My father was a military man in Uncle Sam’s segregated United States Navy in World War II. He was drafted so there was little choice in the matter. When my brother and I were children hanging around his feet, he never complained about that or anything else about that time, except when he described how cold it was when he was on that ship near the Aleutian Islands. I don’t doubt that it was plenty cold to a young man from East Texas…
After serving his time in the Navy to help secure freedom and peace for his country, my father returned to a segregated South where he had no right to vote, had to use The Green Book to navigate long distance travel by car, and could be refused service in restaurants and hotels, clothing stores and other establishments where he wasn’t wanted. And yet, he taught me to pledge allegiance to the U.S. flag and to sing the national anthem at the beginning of sporting events, and he bought me a subscription to Reader’s Digest Condensed Books when I was 11-years-old because he believed that this was America and that I could do anything I was brave enough to imagine in these United States if I were smart enough to make it happen.

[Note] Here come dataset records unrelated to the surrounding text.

lemma SigmaTil_nonempty: "SigmaTil M Z K lo hi \<noteq> {}"
  using const_mem_SigmaTil[of lo lo hi] lo_hi by auto

lemma Ctil_le:
  "Ctil \<le> 8 * hi powr (2 + 2 * \<alpha>) * (\<integral>\<omega>. \<bar>Z 1 \<omega>\<bar> powr (2 + 2 * \<alpha>) \<partial>M)
      + 8 * (\<integral>\<omega>. \<bar>K 1 \<omega>\<bar> powr (2 + 2 * \<alpha>) \<partial>M)"
  unfolding Ctil_def using SigmaTil_nonempty integral_Zzeta_one_le by (rule cSUP_least)

lemma integral_const_control_le_Ctil:
  assumes "lo \<le> c" "c \<le> hi"
  shows "(\<integral>\<omega>. \<bar>(c * Z 1 \<omega> + K 1 \<omega>)\<^sup>2\<bar> powr (1 + \<alpha>) \<partial>M) \<le> Ctil"
  unfolding Ctil_def
  by (rule cSUP_upper2[OF bdd_above_Ctil const_mem_SigmaTil[OF assms]]) (simp add: Zzeta_def)

lemma Ctil_nonneg: "0 \<le> Ctil"
  using integral_const_control_le_Ctil[of lo] lo_hi
  by (smt (verit) integral_nonneg_AE AE_I2 powr_ge_zero)

text \<open>By \<open>integral_square_affine\<close>, \<^term>\<open>mean_sq c\<close> is the mean of
  \<open>(c * Z i + K i)\<^sup>2\<close>, i.e. the conditional mean of \<open>Zzeta Z K \<zeta> i\<close> on \<open>\<zeta> i = c\<close>.\<close>

definition mean_sq :: "real \<Rightarrow> real" where
  "mean_sq c = c\<^sup>2 * sigma2 + k2"

lemma mean_sq_nonneg: "0 \<le> mean_sq c"
  using sigma2(2) k2_nonneg by (simp add: mean_sq_def)

lemma mean_sq_powr_le_Ctil:
  assumes c: "lo \<le> c" "c \<le> hi"
  shows "mean_sq c powr (1 + \<alpha>) \<le> Ctil"
proof -
  have "mean_sq c powr (1 + \<alpha>) = (\<integral>\<omega>. (c * Z 1 \<omega> + K 1 \<omega>)\<^sup>2 \<partial>M) powr (1 + \<alpha>)"
    using integral_square_affine[of c] by (simp add: mean_sq_def)
  also have "\<dots> \<le> (\<integral>\<omega>. ((c * Z 1 \<omega> + K 1 \<omega>)\<^sup>2) powr (1 + \<alpha>) \<partial>M)"
    using integrable_square_affine integrable_square_affine_powr[of 1 "\<lambda>_. c"] c lo_hi alpha
    by (intro powr_expectation_le) auto
  also have "\<dots> \<le> Ctil" using integral_const_control_le_Ctil[OF c] by simp
  finally show ?thesis .
qed

definition mart_diff :: "(nat \<Rightarrow> 'a \<Rightarrow> real) \<Rightarrow> nat \<Rightarrow> 'a \<Rightarrow> real" where
  "mart_diff \<zeta> i \<omega> = Zzeta Z K \<zeta> i \<omega> - mean_sq (\<zeta> i \<omega>)"

definition mart_sum :: "(nat \<Rightarrow> 'a \<Rightarrow> real) \<Rightarrow> nat \<Rightarrow> 'a \<Rightarrow> real" where
  "mart_sum \<zeta> j \<omega> = (\<Sum>i=1..j. mart_diff \<zeta> i \<omega>)"

lemma mart_diff_measurable_past:
  assumes \<zeta>: "\<zeta> \<in> SigmaTil M Z K lo hi" and i: "1 \<le> i" "i \<le> j"
  shows "mart_diff \<zeta> i \<in> borel_measurable (past j)"
proof -
  have [measurable]: "\<zeta> i \<in> borel_measurable (past j)"
    using measurable_from_subalg[OF subalgebra_past_mono SigmaTil_measurable_past[OF \<zeta> i(1)]] i
    by simp
  have [measurable]: "Z i \<in> borel_measurable (past j)" "K i \<in> borel_measurable (past j)"
    using Z_measurable_past[OF i] K_measurable_past[OF i] by auto
  show ?thesis unfolding mart_diff_def mean_sq_def Zzeta_def by measurable
qed

lemma mart_sum_measurable_past:
  "\<zeta> \<in> SigmaTil M Z K lo hi \<Longrightarrow> mart_sum \<zeta> j \<in> borel_measurable (past j)"
  unfolding mart_sum_def by (rule borel_measurable_sum) (auto intro: mart_diff_measurable_past)

lemma mart_diff_measurable: "\<zeta> \<in> SigmaTil M Z K lo hi \<Longrightarrow> 1 \<le> i \<Longrightarrow> mart_diff \<zeta> i \<in> borel_measurable M"
  using measurable_from_subalg[OF subalgebra_past mart_diff_measurable_past] by blast

lemma mart_sum_measurable: "\<zeta> \<in> SigmaTil M Z K lo hi \<Longrightarrow> mart_sum \<zeta> j \<in> borel_measurable M"
  using measurable_from_subalg[OF subalgebra_past mart_sum_measurable_past] .

lemma control_state_measurable_past:
  "\<zeta> \<in> SigmaTil M Z K lo hi \<Longrightarrow> 1 \<le> k
    \<Longrightarrow> (\<lambda>\<omega>. (\<zeta> k \<omega>, mart_sum \<zeta> (k - 1) \<omega>)) \<in> borel_measurable (past (k - 1))"
  by (intro borel_measurable_Pair SigmaTil_measurable_past mart_sum_measurable_past)

lemma integral_Zzeta_powr_le_Ctil:
  assumes \<zeta>: "\<zeta> \<in> SigmaTil M Z K lo hi" and k: "1 \<le> k"
  shows "(\<integral>\<omega>. \<bar>Zzeta Z K \<zeta> k \<omega>\<bar> powr (1 + \<alpha>) \<partial>M) \<le> Ctil"
proof -
  define F :: "real \<times> real \<Rightarrow> real \<times> real \<Rightarrow> real" where
    "F v y = \<bar>(fst v * fst y + snd y)\<^sup>2\<bar> powr (1 + \<alpha>)" for v y
  have F: "case_prod F \<in> borel_measurable ((borel \<Otimes>\<^sub>M borel) \<Otimes>\<^sub>M (borel \<Otimes>\<^sub>M borel))"
    unfolding F_def by measurable
  have "(\<integral>\<omega>. \<bar>Zzeta Z K \<zeta> k \<omega>\<bar> powr (1 + \<alpha>) \<partial>M)
      = (\<integral>\<omega>. F (\<zeta> k \<omega>, mart_sum \<zeta> (k - 1) \<omega>) (Z k \<omega>, K k \<omega>) \<partial>M)"
    by (simp add: F_def Zzeta_def)
  also have "\<dots> = (\<integral>\<omega>. (\<integral>\<omega>'. \<bar>(\<zeta> k \<omega> * Z 1 \<omega>' + K 1 \<omega>')\<^sup>2\<bar> powr (1 + \<alpha>) \<partial>M) \<partial>M)"
    using integrable_square_affine_powr[OF k SigmaTil_measurable[OF \<zeta> k] SigmaTil_abs_le[OF \<zeta> k]]
    by (subst integral_freeze_current[OF k control_state_measurable_past[OF \<zeta> k] F])
      (simp_all add: F_def)
  also have "\<dots> \<le> Ctil"
    by (rule integral_le_nonneg_const[OF _ Ctil_nonneg])
      (use integral_const_control_le_Ctil SigmaTil_bounds[OF \<zeta> k] in auto)
  finally show ?thesis .
qed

Veterans Day is my opportunity to honor the faith my father had in the promises of this country. It affords me the chance to honor this man who fought for a freedom he didn’t yet have so that I could experience a freedom he prayed for me. Veterans Day is my chance to reflect on the life of this man who did whatever he had to, to make sure I had opportunities he believed he might never realize.
COVID-19 has altered the way I will celebrate Veterans Day this year. However, I’m still going to remember my father and to celebrate so many others: my father’s brother/my uncle and my brother-in-law, both Army men; my brother, an Air Force vet; and the women and men from other wars who returned to the silence of ingratitude and apathy, or the furor of anger and blame. They deserve to be honored because they gave of themselves for any and all of us who can claim a measure of freedom and hope in this country. Whether I agree with the basic validity of war or not, whether I support our nation’s putting its people in harm’s way to protect us and others or not, whether I am willing to do the same or not, my father did do it, as did my uncle, as did my brother, as did my brother-in-law, and for that alone I believe they deserve my respect and gratitude.
I invite others of you to join me in remembering the men and women who have sacrificed so that this country might stay free.